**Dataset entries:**
----------------------------------------
lemma gibbs_mean_has_derivative:
  assumes "finite K" "K \<noteq> {}"
  shows "((\<lambda>s. gibbs_mean K (\<lambda>k. c k * s + d k) f) has_real_derivative
      gibbs_mean K (\<lambda>k. c k * s + d k) (\<lambda>k. f k * c k)
      - gibbs_mean K (\<lambda>k. c k * s + d k) f * gibbs_mean K (\<lambda>k. c k * s + d k) c) (at s)"
proof -
  define Z where "Z = (\<Sum>k\<in>K. exp (c k * s + d k))"
  have Z: "Z > 0" unfolding Z_def by (rule partition_function_pos[OF assms])
  have deriv: "((\<lambda>s. gibbs_mean K (\<lambda>k. c k * s + d k) f) has_real_derivative
      ((\<Sum>k\<in>K. f k * (exp (c k * s + d k) * c k)) * Z
        - (\<Sum>k\<in>K. f k * exp (c k * s + d k)) * (\<Sum>k\<in>K. exp (c k * s + d k) * c k)) / (Z * Z)) (at s)"
    unfolding gibbs_mean_def Z_def using Z[unfolded Z_def]
    by (auto intro!: derivative_eq_intros simp: ac_simps)
  have "((\<Sum>k\<in>K. f k * (exp (c k * s + d k) * c k)) * Z
        - (\<Sum>k\<in>K. f k * exp (c k * s + d k)) * (\<Sum>k\<in>K. exp (c k * s + d k) * c k)) / (Z * Z)
      = gibbs_mean K (\<lambda>k. c k * s + d k) (\<lambda>k. f k * c k)
      - gibbs_mean K (\<lambda>k. c k * s + d k) f * gibbs_mean K (\<lambda>k. c k * s + d k) c"
    unfolding gibbs_mean_def Z_def[symmetric] using Z
    by (simp add: field_simps power2_eq_square ac_simps)
  with deriv show ?thesis by simp
qed

lemma gibbs_mean_lipschitz:
  assumes K: "finite K" "K \<noteq> {}"
    and f: "\<And>k. k \<in> K \<Longrightarrow> \<bar>f k\<bar> \<le> F" and c: "\<And>k. k \<in> K \<Longrightarrow> \<bar>c k\<bar> \<le> C"
  shows "\<bar>gibbs_mean K (\<lambda>k. c k * s + d k) f - gibbs_mean K (\<lambda>k. c k * t + d k) f\<bar>
    \<le> 2 * F * C * \<bar>s - t\<bar>"
proof -
  obtain k0 where "k0 \<in> K" using K by blast
  then have "F \<ge> 0" using f[of k0] by linarith
  have fc: "\<bar>f k * c k\<bar> \<le> F * C" if "k \<in> K" for k
    unfolding abs_mult using f c that \<open>F \<ge> 0\<close> by (intro mult_mono) auto
  have "\<bar>gibbs_mean K (\<lambda>k. c k * s + d k) (\<lambda>k. f k * c k)
      - gibbs_mean K (\<lambda>k. c k * s + d k) f * gibbs_mean K (\<lambda>k. c k * s + d k) c\<bar> \<le> 2 * F * C"
    (is "\<bar>?f' s\<bar> \<le> _") for s
  proof -
    have "\<bar>gibbs_mean K (\<lambda>k. c k * s + d k) f * gibbs_mean K (\<lambda>k. c k * s + d k) c\<bar> \<le> F * C"
      unfolding abs_mult using \<open>F \<ge> 0\<close> by (intro mult_mono gibbs_mean_abs_le K f c) auto
    moreover have "\<bar>gibbs_mean K (\<lambda>k. c k * s + d k) (\<lambda>k. f k * c k)\<bar> \<le> F * C"
      by (intro gibbs_mean_abs_le K fc)
    ultimately show ?thesis by linarith
  qed
  with gibbs_mean_has_derivative[OF K] show ?thesis
    by (intro field_differentiable_bound[OF convex_UNIV, where f' = ?f', simplified]) auto
qed

section \<open>Square-integrable functions\<close>

lemma le_sqrt_mult_if_quadratic_nonneg:
  fixes a b c :: real
  assumes "a \<ge> 0" and nonneg: "\<And>t. 0 \<le> a * t^2 - 2 * c * t + b"
  shows "c \<le> sqrt a * sqrt b"
proof (cases "a = 0")
  case True
  have "c \<le> 0"
  proof (rule ccontr)
    assume "\<not> c \<le> 0"
    with nonneg[of "(b + 1) / (2 * c)"] True show False by (simp add: field_simps)
  qed
  then show ?thesis using \<open>a \<ge> 0\<close> nonneg[of 0] by (simp add: order_trans[OF _ mult_nonneg_nonneg])
next
  case False
  with \<open>a \<ge> 0\<close> have "a > 0" by simp
  have "0 \<le> a * (c / a)^2 - 2 * c * (c / a) + b" by (rule nonneg)
  with \<open>a > 0\<close> have "c^2 \<le> a * b" by (simp add: field_simps power2_eq_square)
  then have "\<bar>c\<bar> \<le> sqrt (a * b)" using real_le_rsqrt real_sqrt_abs by (metis real_sqrt_le_mono)
  then show ?thesis by (simp add: real_sqrt_mult)
qed
(* Let $\mathcal{R}$ be an orthogonal TRS, $S$ a reduction strongly $p$-converging from $s$ to $t$, and $U$ a set of redex occurrences in $s$. Then $U/S$ is a set of redex occurrences in $t$.
   Context: Orthogonal = left-linear and non-overlapping. Partial terms over $\Sigma_\bot=\Sigma\uplus\{\bot\}$ ordered by $\le_\bot$ (replacing subterms by $\bot$) form a complete semilattice; $\liminf_{\iota\to\alpha}a_\iota=\bigvee_{\beta<\alpha}\bigwedge_{\beta\le\iota<\alpha}a_\iota$. A reduction $S=(t_\iota\to_{\pi_\iota}t_{\iota+1})_{\iota<\alpha}$ with contexts $c_\iota$ ($t_\iota$ with position $\pi_\iota$ replaced by $\bot$) strongly $p$-converges to $t$ if $\liminf_{\iota\to\lambda}c_\iota=t_\lambda$ for every limit $\lambda<\alpha$ and $t$ is the last term (closed) or $t=\liminf_{\iota\to\alpha}c_\iota$ (open). Descendants $U/S$ of a set $U$ of non-$\bot$ positions of $t_0$: for length 0, $U$; for a single step at $\pi$ with rule $l\to r$, each $u\in U$ yields $\{u\}$ if $\pi\not\le u$, $\emptyset$ if $u=\pi\cdot\pi'$ with $\pi'$ a function-symbol position of $l$, and $\{\pi\cdot w'\cdot x\mid r|_{w'}=l|_w\}$ if $u=\pi\cdot w\cdot x$ with $l|_w$ a variable; for successor length $\beta+1$, the descendants by the last step of the descendants by $S|_\beta$; for limit length $\alpha$, $u\in U/S$ iff $u$ is a non-$\bot$ position of $t_\alpha$ and there is $\beta<\alpha$ with $u\in U/(S|_\iota)$ for all $\beta\le\iota<\alpha$. *)

theory Defs
  imports Main
begin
----------------------------------------
**TASK DIRECTIONS:** Go through the entries and restate each one exactly.

**SOLVED EXERCISE:**
lemma gibbs_mean_has_derivative:
  assumes "finite K" "K \<noteq> {}"
  shows "((\<lambda>s. gibbs_mean K (\<lambda>k. c k * s + d k) f) has_real_derivative
      gibbs_mean K (\<lambda>k. c k * s + d k) (\<lambda>k. f k * c k)
      - gibbs_mean K (\<lambda>k. c k * s + d k) f * gibbs_mean K (\<lambda>k. c k * s + d k) c) (at s)"
proof -
  define Z where "Z = (\<Sum>k\<in>K. exp (c k * s + d k))"
  have Z: "Z > 0" unfolding Z_def by (rule partition_function_pos[OF assms])
  have deriv: "((\<lambda>s. gibbs_mean K (\<lambda>k. c k * s + d k) f) has_real_derivative
      ((\<Sum>k\<in>K. f k * (exp (c k * s + d k) * c k)) * Z
        - (\<Sum>k\<in>K. f k * exp (c k * s + d k)) * (\<Sum>k\<in>K. exp (c k * s + d k) * c k)) / (Z * Z)) (at s)"
    unfolding gibbs_mean_def Z_def using Z[unfolded Z_def]
    by (auto intro!: derivative_eq_intros simp: ac_simps)
  have "((\<Sum>k\<in>K. f k * (exp (c k * s + d k) * c k)) * Z
        - (\<Sum>k\<in>K. f k * exp (c k * s + d k)) * (\<Sum>k\<in>K. exp (c k * s + d k) * c k)) / (Z * Z)
      = gibbs_mean K (\<lambda>k. c k * s + d k) (\<lambda>k. f k * c k)
      - gibbs_mean K (\<lambda>k. c k * s + d k) f * gibbs_mean K (\<lambda>k. c k * s + d k) c"
    unfolding gibbs_mean_def Z_def[symmetric] using Z
    by (simp add: field_simps power2_eq_square ac_simps)
  with deriv show ?thesis by simp
qed

lemma gibbs_mean_lipschitz:
  assumes K: "finite K" "K \<noteq> {}"
    and f: "\<And>k. k \<in> K \<Longrightarrow> \<bar>f k\<bar> \<le> F" and c: "\<And>k. k \<in> K \<Longrightarrow> \<bar>c k\<bar> \<le> C"
  shows "\<bar>gibbs_mean K (\<lambda>k. c k * s + d k) f - gibbs_mean K (\<lambda>k. c k * t + d k) f\<bar>
    \<le> 2 * F * C * \<bar>s - t\<bar>"
proof -
  obtain k0 where "k0 \<in> K" using K by blast
  then have "F \<ge> 0" using f[of k0] by linarith
  have fc: "\<bar>f k * c k\<bar> \<le> F * C" if "k \<in> K" for k
    unfolding abs_mult using f c that \<open>F \<ge> 0\<close> by (intro mult_mono) auto
  have "\<bar>gibbs_mean K (\<lambda>k. c k * s + d k) (\<lambda>k. f k * c k)
      - gibbs_mean K (\<lambda>k. c k * s + d k) f * gibbs_mean K (\<lambda>k. c k * s + d k) c\<bar> \<le> 2 * F * C"
    (is "\<bar>?f' s\<bar> \<le> _") for s
  proof -
    have "\<bar>gibbs_mean K (\<lambda>k. c k * s + d k) f * gibbs_mean K (\<lambda>k. c k * s + d k) c\<bar> \<le> F * C"
      unfolding abs_mult using \<open>F \<ge> 0\<close> by (intro mult_mono gibbs_mean_abs_le K f c) auto
    moreover have "\<bar>gibbs_mean K (\<lambda>k. c k * s + d k) (\<lambda>k. f k * c k)\<bar> \<le> F * C"
      by (intro gibbs_mean_abs_le K fc)
    ultimately show ?thesis by linarith
  qed
  with gibbs_mean_has_derivative[OF K] show ?thesis
    by (intro field_differentiable_bound[OF convex_UNIV, where f' = ?f', simplified]) auto
qed

section \<open>Square-integrable functions\<close>

lemma le_sqrt_mult_if_quadratic_nonneg:
  fixes a b c :: real
  assumes "a \<ge> 0" and nonneg: "\<And>t. 0 \<le> a * t^2 - 2 * c * t + b"
  shows "c \<le> sqrt a * sqrt b"
proof (cases "a = 0")
  case True
  have "c \<le> 0"
  proof (rule ccontr)
    assume "\<not> c \<le> 0"
    with nonneg[of "(b + 1) / (2 * c)"] True show False by (simp add: field_simps)
  qed
  then show ?thesis using \<open>a \<ge> 0\<close> nonneg[of 0] by (simp add: order_trans[OF _ mult_nonneg_nonneg])
next
  case False
  with \<open>a \<ge> 0\<close> have "a > 0" by simp
  have "0 \<le> a * (c / a)^2 - 2 * c * (c / a) + b" by (rule nonneg)
  with \<open>a > 0\<close> have "c^2 \<le> a * b" by (simp add: field_simps power2_eq_square)
  then have "\<bar>c\<bar> \<le> sqrt (a * b)" using real_le_rsqrt real_sqrt_abs by (metis real_sqrt_le_mono)
  then show ?thesis by (simp add: real_sqrt_mult)
qed
(* Let $\mathcal{R}$ be an orthogonal TRS, $S$ a reduction strongly $p$-converging from $s$ to $t$, and $U$ a set of redex occurrences in $s$. Then $U/S$ is a set of redex occurrences in $t$.
   Context: Orthogonal = left-linear and non-overlapping. Partial terms over $\Sigma_\bot=\Sigma\uplus\{\bot\}$ ordered by $\le_\bot$ (replacing subterms by $\bot$) form a complete semilattice; $\liminf_{\iota\to\alpha}a_\iota=\bigvee_{\beta<\alpha}\bigwedge_{\beta\le\iota<\alpha}a_\iota$. A reduction $S=(t_\iota\to_{\pi_\iota}t_{\iota+1})_{\iota<\alpha}$ with contexts $c_\iota$ ($t_\iota$ with position $\pi_\iota$ replaced by $\bot$) strongly $p$-converges to $t$ if $\liminf_{\iota\to\lambda}c_\iota=t_\lambda$ for every limit $\lambda<\alpha$ and $t$ is the last term (closed) or $t=\liminf_{\iota\to\alpha}c_\iota$ (open). Descendants $U/S$ of a set $U$ of non-$\bot$ positions of $t_0$: for length 0, $U$; for a single step at $\pi$ with rule $l\to r$, each $u\in U$ yields $\{u\}$ if $\pi\not\le u$, $\emptyset$ if $u=\pi\cdot\pi'$ with $\pi'$ a function-symbol position of $l$, and $\{\pi\cdot w'\cdot x\mid r|_{w'}=l|_w\}$ if $u=\pi\cdot w\cdot x$ with $l|_w$ a variable; for successor length $\beta+1$, the descendants by the last step of the descendants by $S|_\beta$; for limit length $\alpha$, $u\in U/S$ iff $u$ is a non-$\bot$ position of $t_\alpha$ and there is $\beta<\alpha$ with $u\in U/(S|_\iota)$ for all $\beta\le\iota<\alpha$. *)

theory Defs
  imports Main
begin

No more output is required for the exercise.